Together, Then Apart: Revisiting Multimodal Survival Analysis via a Min-Max Perspective
- URL: http://arxiv.org/abs/2511.18089v1
- Date: Sat, 22 Nov 2025 15:10:46 GMT
- Title: Together, Then Apart: Revisiting Multimodal Survival Analysis via a Min-Max Perspective
- Authors: Wenjing Liu, Qin Ren, Wen Zhang, Yuewei Lin, Chenyu You,
- Abstract summary: This work revisits multi-modal survival analysis via the dual lens of alignment and distinctiveness.<n>We introduce Together-Then-Apart, a unified min-max optimization framework that simultaneously models shared and modality-specific representations.<n>Our formulation provides a new theoretical perspective of how alignment and distinctiveness can be jointly achieved in for robust, interpretable, and biologically meaningful multi-modal survival analysis.
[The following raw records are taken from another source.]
(* Let $X\in\mathbb{R}^{d\times d}$ with $X+X^\top$ positive definite, $\gamma\in(0,1)$, $\gamma_k=(k+1)^{-\gamma}$ for $k\ge0$. Let $q=\lambda_{\min}(X+X^\top)/4$, $\mu=-\lambda_{\min}(X+X^\top)+\lambda_{\max}(X^\top X)$, $K=\big\lceil\big(\lambda_{\max}(X^\top X)/(\lambda_{\min}(X+X^\top)-2q)\big)^{1/\gamma}\big\rceil$, and $$C=\max\Big\{1,\ \sqrt{\max_{0\le\ell_1\le\ell_2\le K}\prod_{\ell=\ell_1}^{\ell_2}e^{\gamma_\ell(\mu+2q)}}\Big\}.$$ Then for all integers $0\le i\le n$, $$\prod_{k=i}^{n}\|I-\gamma_kX\|\le C\,e^{-q\sum_{k=i}^n\gamma_k}.$$
   Context: $\|\cdot\|$ is the spectral norm; $\lambda_{\min},\lambda_{\max}$ denote smallest and largest eigenvalues. *)

theory Defs
  imports "HOL-Analysis.Analysis"
begin

definition real_eigenvalues :: "real^'n^'n \<Rightarrow> real set" where
  "real_eigenvalues A = {l. \<exists>v. v \<noteq> 0 \<and> A *v v = l *\<^sub>R v}"

text \<open>Smallest / largest eigenvalue (used for symmetric matrices, whose eigenvalues are real).\<close>
definition lambda_min :: "real^'n^'n \<Rightarrow> real" where
  "lambda_min A = Min (real_eigenvalues A)"

definition lambda_max :: "real^'n^'n \<Rightarrow> real" where
  "lambda_max A = Max (real_eigenvalues A)"

definition pos_def :: "real^'n^'n \<Rightarrow> bool" where
  "pos_def A \<longleftrightarrow> (\<forall>v. v \<noteq> 0 \<longrightarrow> v \<bullet> (A *v v) > 0)"

definition spec_norm :: "real^'n^'n \<Rightarrow> real" where
  "spec_norm A = onorm (\<lambda>v. A *v v)"

end

theory Submission
  imports Defs
begin

text \<open>
  Writing \<open>\<lambda> = \<lambda>\<^sub>m\<^sub>i\<^sub>n(X + X\<^sup>T) = 4q\<close> and \<open>\<Lambda> = \<lambda>\<^sub>m\<^sub>a\<^sub>x(X\<^sup>TX)\<close>, the Rayleigh bounds
  \<open>v\<^sup>T(X + X\<^sup>T)v \<ge> \<lambda>|v|\<^sup>2\<close> and \<open>|Xv|\<^sup>2 \<le> \<Lambda>|v|\<^sup>2\<close> give
  \<open>|(I - gX)v|\<^sup>2 \<le> (1 - g\<lambda> + g\<^sup>2\<Lambda>)|v|\<^sup>2 \<le> e\<^bsup>-g\<lambda> + g\<^sup>2\<Lambda>\<^esup>|v|\<^sup>2\<close>, i.e.
  \<open>\<parallel>I - \<gamma>\<^sub>kX\<parallel> \<le> e\<^bsup>-q\<gamma>\<^sub>k\<^esup> e\<^bsup>\<gamma>\<^sub>k(\<gamma>\<^sub>k\<Lambda> - 2q)/2\<^esup>\<close>.
  The excess exponent \<open>\<gamma>\<^sub>k(\<gamma>\<^sub>k\<Lambda> - 2q)/2\<close> is at most \<open>\<gamma>\<^sub>k(\<mu> + 2q)/2\<close> since
  \<open>\<gamma>\<^sub>k \<le> 1\<close>, and it is nonpositive once \<open>\<gamma>\<^sub>k\<Lambda> \<le> 2q\<close>, which holds for \<open>k \<ge> K\<close>.
  So the product of the excess factors over \<open>i..n\<close> is bounded by the square root
  of a product over a subinterval of \<open>0..K\<close>, hence by \<open>C\<close>.
\<close>

lemma symmetric_matrix_inner_commute:
  fixes A :: "real^'n^'n"
  assumes "transpose A = A"
  shows "(A *v x) \<bullet> y = x \<bullet> (A *v y)"
proof -
  have "A *v x = x v* A" using assms by (metis transpose_matrix_vector)
  then show ?thesis by (simp add: dot_lmul_matrix)
qed

text \<open>Eigenvectors for distinct eigenvalues are orthogonal, hence independent.\<close>

lemma finite_real_eigenvalues_symmetric:
  fixes A :: "real^'n^'n"
  assumes sym: "transpose A = A"
  shows "finite (real_eigenvalues A)"
proof -
  define E where "E = real_eigenvalues A"
  define e where "e l = (SOME v. v \<noteq> 0 \<and> A *v v = l *\<^sub>R v)" for l
  have e: "e l \<noteq> 0 \<and> A *v e l = l *\<^sub>R e l" if "l \<in> E" for l
    using that unfolding E_def real_eigenvalues_def e_def by (metis (mono_tags, lifting) someI_ex mem_Collect_eq)
  have inj: "inj_on e E"
  proof (rule inj_onI)
    fix l l' assume l: "l \<in> E" "l' \<in> E" "e l = e l'"
    then have "l *\<^sub>R e l = l' *\<^sub>R e l" using e by metis
    then show "l = l'" using e[OF l(1)] by simp
  qed
  have "pairwise orthogonal (e ` E)"
  proof (clarsimp simp: pairwise_def)
    fix l l' assume l: "l \<in> E" "l' \<in> E" "e l \<noteq> e l'"
    have "(A *v e l) \<bullet> e l' = e l \<bullet> (A *v e l')" by (rule symmetric_matrix_inner_commute[OF sym])
    then have "l * (e l \<bullet> e l') = l' * (e l \<bullet> e l')" using e[OF l(1)] e[OF l(2)] by simp
    then show "orthogonal (e l) (e l')" using l by (auto simp: orthogonal_def)
  qed
  moreover have "0 \<notin> e ` E" using e by auto
  ultimately have "independent (e ` E)" by (rule pairwise_orthogonal_independent)
  then have "finite (e ` E)" using independent_bound by blast
  then show ?thesis using inj finite_imageD E_def by blast
qed

lemma quadratic_form_attains_min_on_sphere:
  fixes A :: "real^'n^'n"
  obtains u where "norm u = 1" and "\<And>v. (u \<bullet> (A *v u)) * (v \<bullet> v) \<le> v \<bullet> (A *v v)"
proof -
  let ?f = "\<lambda>v. v \<bullet> (A *v v)"
  have "axis undefined 1 \<in> sphere (0::real^'n) 1"
    by (simp add: norm_axis_1)
  moreover have "continuous_on (sphere 0 1) ?f"
    by (intro continuous_intros)
  ultimately obtain u where u: "u \<in> sphere 0 1" and min: "\<And>y. y \<in> sphere 0 1 \<Longrightarrow> ?f u \<le> ?f y"
    using continuous_attains_inf[OF compact_sphere] by blast
  have "?f u * (v \<bullet> v) \<le> ?f v" for v
  proof (cases "v = 0")
    case False
    then have "?f u \<le> ?f (v /\<^sub>R norm v)" by (intro min) simp
    also have "?f (v /\<^sub>R norm v) = ?f v / (norm v)\<^sup>2"
      by (simp add: matrix_vector_mult_scaleR power2_eq_square divide_simps)
    finally show ?thesis using False by (simp add: divide_simps power2_norm_eq_inner)
  qed simp
  then show ?thesis using u that by simp
qed
(* Let $\mathfrak L_1,\dots,\mathfrak L_n,\mathfrak L$ be complete lattices, let $(\mathcal F_\alpha)_{\alpha\in\mathcal O}$ with $\mathcal F_\alpha:\mathfrak L_1\times\dots\times\mathfrak L_n\to(\mathfrak L\to^+\mathfrak L)$ be a family that is $\liminf$-pullable in all arguments, and let $\phi:\mathcal O\to\mathcal O$ be monotone. Then for every nonzero limit ordinal $\lambda\in\mathcal O$ and all $\mathcal G_i:\mathcal O\to\mathfrak L_i$ ($i=1,\dots,n$), $$\mu^{\liminf_\lambda\phi}\big(\mathcal F_\lambda(\liminf_\lambda\vec{\mathcal G})\big)\sqsubseteq\liminf_{\alpha\to\lambda}\mu^{\phi(\alpha)}\big(\mathcal F_\alpha(\vec{\mathcal G}_\alpha)\big).$$ If moreover $\phi$ is lower semi-continuous (i.e. $\phi(\lambda)\le\liminf_\lambda\phi$ for all nonzero limits $\lambda$), then even $$\mu^{\phi(\lambda)}\big(\mathcal F_\lambda(\liminf_\lambda\vec{\mathcal G})\big)\sqsubseteq\liminf_{\alpha\to\lambda}\mu^{\phi(\alpha)}\big(\mathcal F_\alpha(\vec{\mathcal G}_\alpha)\big).$$
   Context: $\mathcal O$ is the set of ordinals $\le\top_{\mathsf{ord}}$ for a fixed ordinal $\top_{\mathsf{ord}}$ ($=\beth_\omega$). For $g:\mathcal O\to\mathfrak L$ into a complete lattice and a nonzero limit $\lambda$: $\liminf_\lambda g=\liminf_{\alpha\to\lambda}g(\alpha)=\sup_{\alpha_0<\lambda}\inf_{\alpha_0\le\alpha<\lambda}g(\alpha)$, $\limsup_{\alpha\to\lambda}g(\alpha)=\inf_{\alpha_0<\lambda}\sup_{\alpha_0\le\alpha<\lambda}g(\alpha)$; on products, componentwise. $\mathfrak L\to^+\mathfrak L$ = monotone maps. For $f:\mathfrak L\to\mathfrak L$, $g\in\mathfrak L$: $f^0(g)=g$, $f^{\alpha+1}(g)=f(f^\alpha(g))$, $f^\lambda(g)=\limsup_{\alpha\to\lambda}f^\alpha(g)$; $\mu^\alpha f:=f^\alpha(\bot)$. A family $(\mathcal F_\alpha)_{\alpha\in\mathcal O}$ of maps $\mathfrak K\to\mathfrak K'$ is $\liminf$-pullable if for all $\mathcal G:\mathcal O\to\mathfrak K$ and nonzero limits $\lambda$: $\mathcal F_\gamma(\liminf_{\alpha\to\lambda}\mathcal G_\alpha)\sqsubseteq\liminf_{\alpha\to\lambda}\mathcal F_\gamma(\mathcal G_\alpha)$ for all $\gamma\in\mathcal O$, and $\mathcal F_\lambda(\liminf_{\alpha\to\lambda}\mathcal G_\alpha)\sqsubseteq\liminf_{\alpha\to\lambda}\mathcal F_\alpha(\mathcal G_\alpha)$. "$\liminf$-pullable in all arguments" means the family $(\vec{\mathcal G},\mathcal X)\mapsto\mathcal F_\alpha(\vec{\mathcal G})(\mathcal X)$ is $\liminf$-pullable. *)

theory Defs
  imports Main "HOL-Library.Product_Order"
begin

text \<open>The ordinals O = [0, top_ord] are modelled by an arbitrary type 'o that is
  both a well-order and a complete linear order (i.e. a well-order with a greatest
  element); bot is the ordinal 0 and top is top_ord.\<close>

definition is_succ :: "'o::wellorder \<Rightarrow> bool" where
  "is_succ a \<longleftrightarrow> (\<exists>b<a. \<forall>c<a. c \<le> b)"

definition ord_pred :: "'o::wellorder \<Rightarrow> 'o" where
  "ord_pred a = (GREATEST b. b < a)"

definition nonzero_limit :: "'o::{wellorder,complete_linorder} \<Rightarrow> bool" where
  "nonzero_limit l \<longleftrightarrow> bot < l \<and> \<not> is_succ l"

definition ord_liminf :: "'o::wellorder \<Rightarrow> ('o \<Rightarrow> 'a::complete_lattice) \<Rightarrow> 'a" where
  "ord_liminf l g = (SUP a0\<in>{..<l}. INF a\<in>{a0..<l}. g a)"

definition ord_limsup :: "'o::wellorder \<Rightarrow> ('o \<Rightarrow> 'a::complete_lattice) \<Rightarrow> 'a" where
  "ord_limsup l g = (INF a0\<in>{..<l}. SUP a\<in>{a0..<l}. g a)"

definition ord_iter :: "('a::complete_lattice \<Rightarrow> 'a) \<Rightarrow> 'a \<Rightarrow> 'o::{wellorder,complete_linorder} \<Rightarrow> 'a" where
  "ord_iter f g = wfrec {(x, y). x < y}
     (\<lambda>r a. if a = bot then g else if is_succ a then f (r (ord_pred a)) else ord_limsup a r)"

definition ord_mu :: "'o::{wellorder,complete_linorder} \<Rightarrow> ('a::complete_lattice \<Rightarrow> 'a) \<Rightarrow> 'a" where
  "ord_mu a f = ord_iter f bot a"

definition liminf_pullable ::
  "('o::{wellorder,complete_linorder} \<Rightarrow> 'a::complete_lattice \<Rightarrow> 'b::complete_lattice) \<Rightarrow> bool" where
  "liminf_pullable F \<longleftrightarrow>
     (\<forall>G l. nonzero_limit l \<longrightarrow>
        (\<forall>c. F c (ord_liminf l G) \<le> ord_liminf l (\<lambda>a. F c (G a))) \<and>
        F l (ord_liminf l G) \<le> ord_liminf l (\<lambda>a. F a (G a)))"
- Score: 22.583594870571336
- License: http://creativecommons.org/licenses/by/4.0/
- Abstract: Integrating heterogeneous modalities such as histopathology and genomics is central to advancing survival analysis, yet most existing methods prioritize cross-modal alignment through attention-based fusion mechanisms, often at the expense of modality-specific characteristics. This overemphasis on alignment leads to representation collapse and reduced diversity. In this work, we revisit multi-modal survival analysis via the dual lens of alignment and distinctiveness, positing that preserving modality-specific structure is as vital as achieving semantic coherence. In this paper, we introduce Together-Then-Apart (TTA), a unified min-max optimization framework that simultaneously models shared and modality-specific representations. The Together stage minimizes semantic discrepancies by aligning embeddings via shared prototypes, guided by an unbalanced optimal transport objective that adaptively highlights informative tokens. The Apart stage maximizes representational diversity through modality anchors and a contrastive regularizer that preserve unique modality information and prevent feature collapse. Extensive experiments on five TCGA benchmarks show that TTA consistently outperforms state-of-the-art methods. Beyond empirical gains, our formulation provides a new theoretical perspective of how alignment and distinctiveness can be jointly achieved in for robust, interpretable, and biologically meaningful multi-modal survival analysis.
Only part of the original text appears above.